------ SUPPLIED MATERIAL ------

(* Let $G$ and $H$ be locally finite stiff graphs without isolated vertices. If $N(G)\cong N(H)$ as simplicial complexes, then $K_2\times G\cong K_2\times H$ as 2-colored graphs (i.e. via a graph isomorphism commuting with the first projections to $K_2$).
   Context: A graph $G$ is a set $V(G)$ with a symmetric subset $E(G)\subset V(G)\times V(G)$ (loops allowed); $N(v)=\{w:(v,w)\in E(G)\}$, $v$ isolated if $N(v)=\emptyset$; $G$ is locally finite if every $N(v)$ is finite, and stiff if $N(v)\subset N(w)$ implies $v=w$. The neighborhood complex $N(G)$ is the simplicial complex whose vertices are the non-isolated vertices of $G$ and whose simplices are the finite subsets contained in some $N(v)$. $K_2\times G$ has vertex set $\{1,2\}\times V(G)$, $((i,x),(j,y))$ an edge iff $i\neq j$ and $(x,y)\in E(G)$, and is 2-colored by the first projection to $K_2$ (vertices $\{1,2\}$, edges $(1,2),(2,1)$). *)

theory Defs
  imports Main
begin

text \<open>A graph: a vertex set V with a symmetric edge relation E \<subseteq> V \<times> V (loops allowed).\<close>
type_synonym 'a graph = "'a set \<times> ('a \<times> 'a) set"

definition verts :: "'a graph \<Rightarrow> 'a set" where "verts G = fst G"
definition edges :: "'a graph \<Rightarrow> ('a \<times> 'a) set" where "edges G = snd G"

definition is_graph :: "'a graph \<Rightarrow> bool" where
  "is_graph G \<longleftrightarrow> edges G \<subseteq> verts G \<times> verts G \<and> sym (edges G)"

definition nbhd :: "'a graph \<Rightarrow> 'a \<Rightarrow> 'a set" where
  "nbhd G v = {w. (v, w) \<in> edges G}"

definition isolated :: "'a graph \<Rightarrow> 'a \<Rightarrow> bool" where
  "isolated G v \<longleftrightarrow> nbhd G v = {}"

definition no_isolated :: "'a graph \<Rightarrow> bool" where
  "no_isolated G \<longleftrightarrow> (\<forall>v\<in>verts G. \<not> isolated G v)"

definition locally_finite :: "'a graph \<Rightarrow> bool" where
  "locally_finite G \<longleftrightarrow> (\<forall>v\<in>verts G. finite (nbhd G v))"

definition stiff :: "'a graph \<Rightarrow> bool" where
  "stiff G \<longleftrightarrow> (\<forall>v\<in>verts G. \<forall>w\<in>verts G. nbhd G v \<subseteq> nbhd G w \<longrightarrow> v = w)"

type_synonym 'a complex = "'a set \<times> 'a set set"

definition nbhd_complex :: "'a graph \<Rightarrow> 'a complex" where
  "nbhd_complex G =
     ({v \<in> verts G. \<not> isolated G v},
      {\<sigma>. finite \<sigma> \<and> (\<exists>v\<in>verts G. \<sigma> \<subseteq> nbhd G v)})"

definition complex_iso :: "'a complex \<Rightarrow> 'b complex \<Rightarrow> ('a \<Rightarrow> 'b) \<Rightarrow> bool" where
  "complex_iso K L f \<longleftrightarrow> bij_betw f (fst K) (fst L) \<and>
     (\<forall>\<sigma>. \<sigma> \<subseteq> fst K \<longrightarrow> (\<sigma> \<in> snd K \<longleftrightarrow> f ` \<sigma> \<in> snd L))"

definition complexes_isomorphic :: "'a complex \<Rightarrow> 'b complex \<Rightarrow> bool" where
  "complexes_isomorphic K L \<longleftrightarrow> (\<exists>f. complex_iso K L f)"

definition K2_times :: "'a graph \<Rightarrow> (nat \<times> 'a) graph" where
  "K2_times G =
     ({1, 2} \<times> verts G,
      {((i, x), (j, y)). i \<in> {1, 2} \<and> j \<in> {1, 2} \<and> i \<noteq> j \<and> (x, y) \<in> edges G})"

definition graph_iso :: "'a graph \<Rightarrow> 'b graph \<Rightarrow> ('a \<Rightarrow> 'b) \<Rightarrow> bool" where
  "graph_iso G H f \<longleftrightarrow> bij_betw f (verts G) (verts H) \<and>
     (\<forall>x\<in>verts G. \<forall>y\<in>verts G. (x, y) \<in> edges G \<longleftrightarrow> (f x, f y) \<in> edges H)"

definition two_colored_isomorphic :: "'a graph \<Rightarrow> 'b graph \<Rightarrow> bool" where
  "two_colored_isomorphic G H \<longleftrightarrow>
     (\<exists>\<phi>. graph_iso (K2_times G) (K2_times H) \<phi> \<and>
          (\<forall>p\<in>verts (K2_times G). fst (\<phi> p) = fst p))"

end

theory Submission
  imports Defs
begin

text \<open>
  In a locally finite stiff graph every neighbourhood N(v) is a simplex of
  the neighbourhood complex, every simplex lies in some N(v), and stiffness makes the
  N(v) pairwise incomparable; hence the facets of N(G) are exactly the neighbourhoods,
  and v \<mapsto> N(v) is a bijection from the vertices onto the facets.  An isomorphism
  f : N(G) \<cong> N(H) maps facets bijectively to facets, so it induces a second vertex
  bijection g with f ` N(v) = N(g v).  Then x ~ y in G iff f x ~ g y in H, and such a
  pair (f, g) yields the colour-preserving isomorphism K_2 \<times> G \<cong> K_2 \<times> H
  sending (1, x) to (1, f x) and (2, x) to (2, g x).
\<close>

definition facet :: "'a complex \<Rightarrow> 'a set \<Rightarrow> bool" where
  "facet K \<sigma> \<longleftrightarrow> \<sigma> \<in> snd K \<and> (\<forall>\<tau>\<in>snd K. \<sigma> \<subseteq> \<tau> \<longrightarrow> \<tau> = \<sigma>)"

lemma complex_iso_inv:
  assumes iso: "complex_iso K L f"
  shows "complex_iso L K (inv_into (fst K) f)"
proof -
  have bij: "bij_betw f (fst K) (fst L)" and
    simplex: "\<And>\<sigma>. \<sigma> \<subseteq> fst K \<Longrightarrow> \<sigma> \<in> snd K \<longleftrightarrow> f ` \<sigma> \<in> snd L"
    using iso unfolding complex_iso_def by auto
  have "\<sigma> \<in> snd L \<longleftrightarrow> inv_into (fst K) f ` \<sigma> \<in> snd K" if "\<sigma> \<subseteq> fst L" for \<sigma>
  proof -
    have "f ` inv_into (fst K) f ` \<sigma> = \<sigma>"
      using that bij by (simp add: image_inv_into_cancel bij_betw_imp_surj_on)
    moreover have "inv_into (fst K) f ` \<sigma> \<subseteq> fst K"
      using that bij by (auto simp: bij_betw_def inv_into_into)
    ultimately show ?thesis using simplex by metis
  qed
  then show ?thesis
    using bij_betw_inv_into[OF bij] unfolding complex_iso_def by blast
qed

text \<open>
  A complex isomorphism maps facets to facets, provided every simplex of both complexes
  consists of vertices (so that preimages of simplices are again vertex sets).
\<close>
lemma complex_iso_facet:
  assumes iso: "complex_iso K L f"
    and L_on: "\<forall>\<tau>\<in>snd L. \<tau> \<subseteq> fst L"
    and \<sigma>: "facet K \<sigma>" "\<sigma> \<subseteq> fst K"
  shows "facet L (f ` \<sigma>)"
  unfolding facet_def
proof (intro conjI ballI impI)
  let ?h = "inv_into (fst K) f"
  have bij: "bij_betw f (fst K) (fst L)" and
    simplex: "\<And>\<sigma>. \<sigma> \<subseteq> fst K \<Longrightarrow> \<sigma> \<in> snd K \<longleftrightarrow> f ` \<sigma> \<in> snd L"
    using iso unfolding complex_iso_def by auto
  have inv_simplex: "\<And>\<tau>. \<tau> \<subseteq> fst L \<Longrightarrow> \<tau> \<in> snd L \<longleftrightarrow> ?h ` \<tau> \<in> snd K"
    using complex_iso_inv[OF iso] unfolding complex_iso_def by auto
  show "f ` \<sigma> \<in> snd L"
    using \<sigma> simplex unfolding facet_def by blast
  fix \<tau> assume \<tau>: "\<tau> \<in> snd L" "f ` \<sigma> \<subseteq> \<tau>"
  have \<tau>_on: "\<tau> \<subseteq> fst L" using \<tau>(1) L_on by blast
  have "?h ` \<tau> \<in> snd K"
    using inv_simplex[OF \<tau>_on] \<tau>(1) by blast
  moreover have "\<sigma> \<subseteq> ?h ` \<tau>"
  proof
    fix x assume "x \<in> \<sigma>"
    then have "x = ?h (f x)" "f x \<in> \<tau>"
      using \<sigma>(2) \<tau>(2) bij by (auto simp: bij_betw_def)
    then show "x \<in> ?h ` \<tau>" by blast
  qed
  ultimately have "?h ` \<tau> = \<sigma>" using \<sigma>(1) unfolding facet_def by blast
  moreover have "f ` ?h ` \<tau> = \<tau>"
    using \<tau>_on bij by (simp add: image_inv_into_cancel bij_betw_imp_surj_on)
  ultimately show "\<tau> = f ` \<sigma>" by simp
qed

lemma complex_iso_bij_facets:
  assumes iso: "complex_iso K L f"
    and K_on: "\<forall>\<sigma>\<in>snd K. \<sigma> \<subseteq> fst K" and L_on: "\<forall>\<tau>\<in>snd L. \<tau> \<subseteq> fst L"
  shows "bij_betw (image f) (Collect (facet K)) (Collect (facet L))"
proof -
  let ?h = "inv_into (fst K) f"
  have bij: "bij_betw f (fst K) (fst L)"
    using iso unfolding complex_iso_def by auto
  have facets_K: "Collect (facet K) \<subseteq> Pow (fst K)"
    using K_on unfolding facet_def by auto
  have "\<Union> (Collect (facet K)) \<subseteq> fst K" using facets_K by blast
  then have "inj_on (image f) (Collect (facet K))"
    using bij by (auto simp: bij_betw_def intro: inj_on_image inj_on_subset)
  moreover have "image f ` Collect (facet K) \<subseteq> Collect (facet L)"
    using complex_iso_facet[OF iso L_on] facets_K by auto
  moreover have "\<tau> \<in> image f ` Collect (facet K)" if "facet L \<tau>" for \<tau>
  proof -
    have \<tau>_on: "\<tau> \<subseteq> fst L" using that L_on unfolding facet_def by blast
    have "facet K (?h ` \<tau>)"
      using complex_iso_facet[OF complex_iso_inv[OF iso] K_on that \<tau>_on] .
    moreover have "f ` ?h ` \<tau> = \<tau>"
      using \<tau>_on bij by (simp add: image_inv_into_cancel bij_betw_imp_surj_on)
    ultimately show ?thesis by (metis image_eqI mem_Collect_eq)
  qed
  ultimately show ?thesis unfolding bij_betw_def by blast
qed

lemma nbhd_subset_verts: "is_graph G \<Longrightarrow> nbhd G v \<subseteq> verts G"
  unfolding is_graph_def nbhd_def by auto

lemma edge_iff_mem_nbhd: "is_graph G \<Longrightarrow> (x, y) \<in> edges G \<longleftrightarrow> x \<in> nbhd G y"
  unfolding is_graph_def nbhd_def sym_def by blast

------

WHAT THE TASK REQUIRES:
Above are the lines; repeat exactly the ones from the line containing "(fst L) \<and>" down to the line containing "complex \<Rightarrow> 'a", both inclusive.

ANSWER SPACE:
  "complex_iso K L f \<longleftrightarrow> bij_betw f (fst K) (fst L) \<and>
     (\<forall>\<sigma>. \<sigma> \<subseteq> fst K \<longrightarrow> (\<sigma> \<in> snd K \<longleftrightarrow> f ` \<sigma> \<in> snd L))"

definition complexes_isomorphic :: "'a complex \<Rightarrow> 'b complex \<Rightarrow> bool" where
  "complexes_isomorphic K L \<longleftrightarrow> (\<exists>f. complex_iso K L f)"

definition K2_times :: "'a graph \<Rightarrow> (nat \<times> 'a) graph" where
  "K2_times G =
     ({1, 2} \<times> verts G,
      {((i, x), (j, y)). i \<in> {1, 2} \<and> j \<in> {1, 2} \<and> i \<noteq> j \<and> (x, y) \<in> edges G})"

definition graph_iso :: "'a graph \<Rightarrow> 'b graph \<Rightarrow> ('a \<Rightarrow> 'b) \<Rightarrow> bool" where
  "graph_iso G H f \<longleftrightarrow> bij_betw f (verts G) (verts H) \<and>
     (\<forall>x\<in>verts G. \<forall>y\<in>verts G. (x, y) \<in> edges G \<longleftrightarrow> (f x, f y) \<in> edges H)"

definition two_colored_isomorphic :: "'a graph \<Rightarrow> 'b graph \<Rightarrow> bool" where
  "two_colored_isomorphic G H \<longleftrightarrow>
     (\<exists>\<phi>. graph_iso (K2_times G) (K2_times H) \<phi> \<and>
          (\<forall>p\<in>verts (K2_times G). fst (\<phi> p) = fst p))"

end

theory Submission
  imports Defs
begin

text \<open>
  In a locally finite stiff graph every neighbourhood N(v) is a simplex of
  the neighbourhood complex, every simplex lies in some N(v), and stiffness makes the
  N(v) pairwise incomparable; hence the facets of N(G) are exactly the neighbourhoods,
  and v \<mapsto> N(v) is a bijection from the vertices onto the facets.  An isomorphism
  f : N(G) \<cong> N(H) maps facets bijectively to facets, so it induces a second vertex
  bijection g with f ` N(v) = N(g v).  Then x ~ y in G iff f x ~ g y in H, and such a
  pair (f, g) yields the colour-preserving isomorphism K_2 \<times> G \<cong> K_2 \<times> H
  sending (1, x) to (1, f x) and (2, x) to (2, g x).
\<close>

definition facet :: "'a complex \<Rightarrow> 'a set \<Rightarrow> bool" where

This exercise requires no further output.